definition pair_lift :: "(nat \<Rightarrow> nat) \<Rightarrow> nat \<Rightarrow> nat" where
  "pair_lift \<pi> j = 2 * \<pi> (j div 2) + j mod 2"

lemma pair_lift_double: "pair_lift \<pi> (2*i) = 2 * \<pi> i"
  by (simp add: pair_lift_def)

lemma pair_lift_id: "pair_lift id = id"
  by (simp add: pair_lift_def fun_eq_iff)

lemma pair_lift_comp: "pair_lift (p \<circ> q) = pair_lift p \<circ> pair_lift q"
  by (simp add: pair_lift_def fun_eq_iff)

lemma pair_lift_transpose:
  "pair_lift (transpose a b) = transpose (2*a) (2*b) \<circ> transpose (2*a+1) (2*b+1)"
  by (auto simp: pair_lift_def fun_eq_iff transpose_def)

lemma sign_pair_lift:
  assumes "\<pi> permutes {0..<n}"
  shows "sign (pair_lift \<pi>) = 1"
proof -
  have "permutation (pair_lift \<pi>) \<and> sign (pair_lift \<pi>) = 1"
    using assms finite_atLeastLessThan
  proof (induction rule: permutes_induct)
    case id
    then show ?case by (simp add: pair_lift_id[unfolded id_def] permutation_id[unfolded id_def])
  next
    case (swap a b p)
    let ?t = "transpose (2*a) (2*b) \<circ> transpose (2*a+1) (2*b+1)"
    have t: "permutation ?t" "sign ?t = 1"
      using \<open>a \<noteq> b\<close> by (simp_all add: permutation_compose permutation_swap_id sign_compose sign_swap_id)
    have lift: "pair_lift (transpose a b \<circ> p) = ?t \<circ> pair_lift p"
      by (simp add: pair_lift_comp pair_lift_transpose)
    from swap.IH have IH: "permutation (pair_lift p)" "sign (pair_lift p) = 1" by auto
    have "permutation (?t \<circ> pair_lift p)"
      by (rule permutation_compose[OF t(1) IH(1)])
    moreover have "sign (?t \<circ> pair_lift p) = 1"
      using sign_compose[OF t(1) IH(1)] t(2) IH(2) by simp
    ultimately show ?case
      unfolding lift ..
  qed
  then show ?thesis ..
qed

TASK DETAILS: Take every line from the data that contains the word "rule".

RESPONSE BOX:
  proof (induction rule: permutes_induct)
      by (rule permutation_compose[OF t(1) IH(1)])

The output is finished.